Kedili Park Kuytu Bank #11

 


Uzunca bir süre seni düşündüm, hiç görmediğim yüzünü düşündüm, hiç tutmadığım elini düşündüm ve sonra uzun uzun yokluğunu düşündüm, ki yokluğun dipsiz bir kuyu misali içine kendimi attığım yokluğun ve ardından yıllardır bitmek bilmeyen hasretini düşündüm...


   İşten çok geç çıktım bugün, gece eve dönerken bir kaç paket sigara alıp, eve girmeden kedili parkta geçip kuytu bankıma oturdum. Kuytu bankımız demiyorum, diyemiyorum çünkü sen daha bir kere bile bu banka benimle yada bensiz oturmuş değilsin, otursan bilirdim, hissederdim...

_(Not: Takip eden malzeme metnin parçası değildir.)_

(* Assume $0<\beta\le\alpha<\sqrt n$ and $e\in\mathbb{R}^n$ satisfies $\|e\|=\sqrt n$. For every point $\bar s\in K_e(\beta)^*$, the cone $K_e(\alpha)^*$ contains the open ball $B(\bar s,r)=\{s:\|s-\bar s\|<r\}$, where \[ r=\frac1n\|\bar s\|\Big(\alpha\sqrt{n-\beta^2}-\beta\sqrt{n-\alpha^2}\Big). \]
   Context: $\mathbb{R}^n$ carries the dot product and Euclidean norm. For $0<\gamma<\sqrt n$, $K_e(\gamma)=\{x:e^Tx\ge\gamma\|x\|\}$ and $K_e(\gamma)^*=\{s:x^Ts\ge0\ \forall x\in K_e(\gamma)\}=\{s:e^Ts\ge\sqrt{n-\gamma^2}\|s\|\}$. *)

theory Defs
  imports "HOL-Analysis.Analysis"
begin

definition Kcone :: "real^'n \<Rightarrow> real \<Rightarrow> (real^'n) set" where
  "Kcone e \<gamma> = {x. e \<bullet> x \<ge> \<gamma> * norm x}"

definition dual_cone :: "(real^'n) set \<Rightarrow> (real^'n) set" where
  "dual_cone K = {s. \<forall>x\<in>K. x \<bullet> s \<ge> 0}"

end

theory Submission
  imports Defs
begin

text \<open>Normalising \<open>u = e / sqrt n\<close>, the cone \<open>K\<^sub>e(\<gamma>)\<close> consists of the vectors making an angle at
  most \<open>\<theta>\<^sub>\<gamma>\<close> with \<open>u\<close>, where \<open>cos \<theta>\<^sub>\<gamma> = \<gamma> / sqrt n\<close>, and its dual cone consists of the vectors making
  an angle at most \<open>\<pi>/2 - \<theta>\<^sub>\<gamma>\<close> with \<open>u\<close>. Hence for \<open>x \<in> K\<^sub>e(\<alpha>)\<close> and \<open>s \<in> K\<^sub>e(\<beta>)\<^sup>*\<close> the angle between
  \<open>x\<close> and \<open>s\<close> is at most \<open>\<pi>/2 - (\<theta>\<^sub>\<beta> - \<theta>\<^sub>\<alpha>)\<close>, so \<open>x \<bullet> s \<ge> |x| |s| sin (\<theta>\<^sub>\<beta> - \<theta>\<^sub>\<alpha>) = |x| r\<close>, and
  Cauchy-Schwarz shows that a perturbation of \<open>s\<close> of size less than \<open>r\<close> keeps \<open>x \<bullet> s\<close> positive.
  Angles are represented by their cosine-sine pairs throughout.\<close>

lemma inner_ge_orthogonal_decomposition:
  fixes u x s :: "'a::real_inner"
  assumes "norm u = 1"
  shows "(u \<bullet> x) * (u \<bullet> s) - sqrt (norm x ^ 2 - (u \<bullet> x) ^ 2) * sqrt (norm s ^ 2 - (u \<bullet> s) ^ 2)
           \<le> x \<bullet> s"
proof -
  have uu: "u \<bullet> u = 1" using assms by (simp add: dot_square_norm)
  define x' where "x' = x - (u \<bullet> x) *\<^sub>R u"
  define s' where "s' = s - (u \<bullet> s) *\<^sub>R u"
  have split: "x \<bullet> s = (u \<bullet> x) * (u \<bullet> s) + x' \<bullet> s'"
    unfolding x'_def s'_def using uu
    by (simp add: inner_diff_left inner_diff_right inner_commute algebra_simps)
  have "norm x' ^ 2 = norm x ^ 2 - (u \<bullet> x) ^ 2" "norm s' ^ 2 = norm s ^ 2 - (u \<bullet> s) ^ 2"
    unfolding x'_def s'_def power2_norm_eq_inner using uu
    by (simp_all add: inner_diff_left inner_diff_right inner_commute algebra_simps power2_eq_square)
  then have "norm x' = sqrt (norm x ^ 2 - (u \<bullet> x) ^ 2)" "norm s' = sqrt (norm s ^ 2 - (u \<bullet> s) ^ 2)"
    by (metis norm_ge_zero real_sqrt_unique)+
  moreover have "- (norm x' * norm s') \<le> x' \<bullet> s'"
    using Cauchy_Schwarz_ineq2[of x' s'] by (simp add: abs_le_iff)
  ultimately show ?thesis using split by simp
qed

lemma dual_circular_cone_bound:
  fixes u s :: "'a::real_inner"
  assumes "norm u = 1" and "0 < c" and "0 \<le> d" and "c\<^sup>2 + d\<^sup>2 = 1"
    and dual: "\<And>y. c * norm y \<le> u \<bullet> y \<Longrightarrow> 0 \<le> y \<bullet> s"
  shows "d * norm s \<le> u \<bullet> s"
proof -
  have uu: "u \<bullet> u = 1" using assms(1) by (simp add: dot_square_norm)
  have "c\<^sup>2 \<le> 1\<^sup>2" using assms(4) zero_le_power2[of d] unfolding power_one by linarith
  then have "c \<le> 1" by (rule power2_le_imp_le) simp
  define t where "t = u \<bullet> s"
  define s' where "s' = s - t *\<^sub>R u"
  have us': "u \<bullet> s' = 0" unfolding s'_def t_def using uu by (simp add: inner_diff_right)
  have norm_s': "norm s' ^ 2 = norm s ^ 2 - t\<^sup>2"
    unfolding s'_def power2_norm_eq_inner t_def using uu
    by (simp add: inner_diff_left inner_diff_right inner_commute algebra_simps power2_eq_square)
  have t0: "0 \<le> t" using dual[of u] assms(1) \<open>c \<le> 1\<close> uu by (simp add: t_def)
  text \<open>Test \<open>s\<close> against the generator of the cone lying opposite to \<open>s\<close> in the plane of \<open>u\<close> and \<open>s\<close>.\<close>
  have "d * norm s' \<le> c * t"
  proof (cases "s' = 0")
    case True
    then show ?thesis using t0 assms(2) by simp
  next
    case False
    define w where "w = (1 / norm s') *\<^sub>R s'"
    have uw: "u \<bullet> w = 0" using us' by (simp add: w_def)
    have ww: "w \<bullet> w = 1" using False by (simp add: w_def dot_square_norm power2_eq_square)
    have "w \<bullet> s = w \<bullet> s'" using uw by (simp add: s'_def inner_diff_right inner_commute)
    also have "\<dots> = norm s'" using False by (simp add: w_def dot_square_norm power2_eq_square)
    finally have ws: "w \<bullet> s = norm s'" .
    define y where "y = c *\<^sub>R u - d *\<^sub>R w"
    have "norm y ^ 2 = c\<^sup>2 + d\<^sup>2" unfolding y_def power2_norm_eq_inner using uu uw ww
      by (simp add: inner_diff_left inner_diff_right inner_commute algebra_simps power2_eq_square)
    then have "norm y = 1" using assms(4) norm_ge_zero[of y] by (auto simp add: power2_eq_1_iff)
    moreover have "u \<bullet> y = c" unfolding y_def using uu uw by (simp add: inner_diff_right)
    ultimately have "0 \<le> y \<bullet> s" using dual by simp
    moreover have "y \<bullet> s = c * t - d * norm s'" unfolding y_def t_def using ws
      by (simp add: inner_diff_left)
    ultimately show ?thesis by simp
  qed
  then have "(d * norm s')\<^sup>2 \<le> (c * t)\<^sup>2" using assms(3) by (intro power_mono) auto
  then have "d\<^sup>2 * ((norm s)\<^sup>2 - t\<^sup>2) \<le> c\<^sup>2 * t\<^sup>2" using norm_s' by (simp add: power_mult_distrib)
  then have "(d * norm s)\<^sup>2 \<le> (c\<^sup>2 + d\<^sup>2) * t\<^sup>2" by (simp add: power_mult_distrib algebra_simps)
  then have "(d * norm s)\<^sup>2 \<le> t\<^sup>2" using assms(4) by simp
  then show ?thesis using t0 power2_le_imp_le t_def by blast
qed

lemma sqrt_norm_square_minus_le:
  fixes a b c d :: real
  assumes "0 \<le> c" and "0 \<le> d" and "0 \<le> b" and "c\<^sup>2 + d\<^sup>2 = 1" and "c * b \<le> a"
  shows "sqrt (b\<^sup>2 - a\<^sup>2) \<le> d * b"
proof -
  have "(c * b)\<^sup>2 \<le> a\<^sup>2" using assms by (intro power_mono) auto
  moreover have "b\<^sup>2 = (c * b)\<^sup>2 + (d * b)\<^sup>2"
    using assms(4) by (simp add: power_mult_distrib flip: distrib_right)
  ultimately have "sqrt (b\<^sup>2 - a\<^sup>2) \<le> sqrt ((d * b)\<^sup>2)" by (intro real_sqrt_le_mono) linarith
  then show ?thesis using assms(2,3) by simp
qed

lemma inner_ge_of_circular_cones:
  fixes u x s :: "'a::real_inner"
  assumes u: "norm u = 1"
    and "0 \<le> ca" "0 \<le> sa" "ca\<^sup>2 + sa\<^sup>2 = 1" and x: "ca * norm x \<le> u \<bullet> x"
    and "0 \<le> cb" "0 \<le> sb" "cb\<^sup>2 + sb\<^sup>2 = 1" and s: "sb * norm s \<le> u \<bullet> s"
  shows "norm x * norm s * (ca * sb - sa * cb) \<le> x \<bullet> s"
proof -
  have "(ca * norm x) * (sb * norm s) \<le> (u \<bullet> x) * (u \<bullet> s)"
    using x s assms(2,7) by (intro mult_mono) (simp_all add: order_trans[OF _ x])
  moreover have "sqrt ((norm x)\<^sup>2 - (u \<bullet> x)\<^sup>2) * sqrt ((norm s)\<^sup>2 - (u \<bullet> s)\<^sup>2)
                   \<le> (sa * norm x) * (cb * norm s)"
  proof (rule mult_mono)
    show "sqrt ((norm x)\<^sup>2 - (u \<bullet> x)\<^sup>2) \<le> sa * norm x"
      using sqrt_norm_square_minus_le[OF assms(2,3) norm_ge_zero assms(4) x] .
    show "sqrt ((norm s)\<^sup>2 - (u \<bullet> s)\<^sup>2) \<le> cb * norm s"
      using sqrt_norm_square_minus_le[OF assms(7,6) norm_ge_zero trans[OF add.commute assms(8)] s] .
    show "0 \<le> sa * norm x" using assms(3) by simp
    have "\<bar>u \<bullet> s\<bar> \<le> \<bar>norm s\<bar>" using Cauchy_Schwarz_ineq2[of u s] u by simp
    then have "(u \<bullet> s)\<^sup>2 \<le> (norm s)\<^sup>2" by (simp only: abs_le_square_iff)
    then show "0 \<le> sqrt ((norm s)\<^sup>2 - (u \<bullet> s)\<^sup>2)" by simp
  qed
  ultimately show ?thesis
    using inner_ge_orthogonal_decomposition[OF u, of x s] by (simp add: algebra_simps)
qed

lemma ball_subset_dual_cone:
  assumes "\<And>x. x \<in> K \<Longrightarrow> norm x * r \<le> x \<bullet> s"
  shows "ball s r \<subseteq> dual_cone K"
  unfolding dual_cone_def
proof (intro subsetI CollectI ballI)
  fix t x assume "t \<in> ball s r" and "x \<in> K"
  have "\<bar>x \<bullet> (t - s)\<bar> \<le> norm x * norm (t - s)" by (rule Cauchy_Schwarz_ineq2)
  also have "\<dots> \<le> norm x * r"
    using \<open>t \<in> ball s r\<close> by (intro mult_left_mono) (auto simp: dist_norm norm_minus_commute)
  finally show "0 \<le> x \<bullet> t" using assms[OF \<open>x \<in> K\<close>] by (simp add: inner_diff_right)
qed

lemma Kcone_iff_unit:
  assumes "0 < q"
  shows "x \<in> Kcone e \<gamma> \<longleftrightarrow> \<gamma> / q * norm x \<le> (1 / q) *\<^sub>R e \<bullet> x"
  using assms by (simp add: Kcone_def divide_simps mult.commute)

lemma cos_sin_square_sum:
  assumes "0 < N" and "\<gamma>\<^sup>2 \<le> N"
  shows "(\<gamma> / sqrt N)\<^sup>2 + (sqrt (N - \<gamma>\<^sup>2) / sqrt N)\<^sup>2 = 1"
  using assms by (simp add: power_divide divide_simps)

theorem lemma5p4:
  fixes e sbar :: "real^'n" and \<alpha> \<beta> :: real
  assumes "0 < \<beta>" and "\<beta> \<le> \<alpha>" and "\<alpha> < sqrt (real CARD('n))"
    and "norm e = sqrt (real CARD('n))"
    and "sbar \<in> dual_cone (Kcone e \<beta>)"
  shows "ball sbar ((1 / real CARD('n)) * norm sbar *
           (\<alpha> * sqrt (real CARD('n) - \<beta>\<^sup>2) - \<beta> * sqrt (real CARD('n) - \<alpha>\<^sup>2)))
         \<subseteq> dual_cone (Kcone e \<alpha>)"
proof (rule ball_subset_dual_cone)
  define N where "N = real CARD('n)"
  define u where "u = (1 / sqrt N) *\<^sub>R e"
  have N: "0 < N" "0 < sqrt N" unfolding N_def by simp_all
  have "\<alpha>\<^sup>2 < (sqrt N)\<^sup>2"
    using assms(1-3) by (intro power_strict_mono) (auto simp: N_def)
  then have "\<alpha>\<^sup>2 < N" using N by simp
  moreover have "\<beta>\<^sup>2 \<le> \<alpha>\<^sup>2" using assms(1,2) by (intro power_mono) auto
  ultimately have "\<beta>\<^sup>2 < N" by simp
  note cs = cos_sin_square_sum[OF N(1) less_imp_le[OF \<open>\<alpha>\<^sup>2 < N\<close>]]
            cos_sin_square_sum[OF N(1) less_imp_le[OF \<open>\<beta>\<^sup>2 < N\<close>]]
  have u: "norm u = 1" using assms(4) N by (simp add: u_def N_def)
  have dual: "sqrt (N - \<beta>\<^sup>2) / sqrt N * norm sbar \<le> u \<bullet> sbar"
  proof (rule dual_circular_cone_bound[OF u _ _ cs(2)])
    fix y assume "\<beta> / sqrt N * norm y \<le> u \<bullet> y"
    then have "y \<in> Kcone e \<beta>" by (simp add: Kcone_iff_unit[OF N(2)] u_def)
    then show "0 \<le> y \<bullet> sbar" using assms(5) by (simp add: dual_cone_def)
  qed (use assms(1) N \<open>\<beta>\<^sup>2 < N\<close> in auto)
  fix x assume "x \<in> Kcone e \<alpha>"
  then have "\<alpha> / sqrt N * norm x \<le> u \<bullet> x" by (simp add: Kcone_iff_unit[OF N(2)] u_def)
  from inner_ge_of_circular_cones[OF u _ _ cs(1) this _ _ cs(2) dual]
  show "norm x * ((1 / real CARD('n)) * norm sbar *
          (\<alpha> * sqrt (real CARD('n) - \<beta>\<^sup>2) - \<beta> * sqrt (real CARD('n) - \<alpha>\<^sup>2))) \<le> x \<bullet> sbar"
    using assms(1,2) N \<open>\<alpha>\<^sup>2 < N\<close> \<open>\<beta>\<^sup>2 < N\<close>
    by (simp add: N_def field_simps power2_eq_square)
qed

end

   Gecenin geç saati parkta oturmuş, sigara üstüne sigara yakıyordum. Üstelik market kapalı olduğu için bugün kedilere sosiste alamadım. Canım haddinden fazla sıkkın, sırtımda haddinden fazla bir ağrı, ellerim haddinden fazla uyuşuk, gözlerim haddinden fazla dolu, beynim haddinden fazla hızlı düşünüyor ve yokluğun haddini aşacak kadar haddinden fazla ağır bu gece...


   Saatlerce oturdum kuytu bankta, saatlerce düşündüm bazen boş boş bazen dolu dolu. Çok şey düşündüm bu gece, geçmişimi, geleceğimi, yaşadıklarımı, unutamadıklarımı ve seni düşündüm uzunca bir süre, hiç görmediğim yüzünü düşündüm, hiç tutmadığım elini düşündüm ve sonra uzun uzun yokluğunu düşündüm, ki yokluğun dipsiz bir kuyu misali içine kendimi attığım yokluğun ve ardından yıllardır bitmek bilmeyen hasretini düşündüm ve sonra seni haddinden fazla düşündüğümü düşündüm...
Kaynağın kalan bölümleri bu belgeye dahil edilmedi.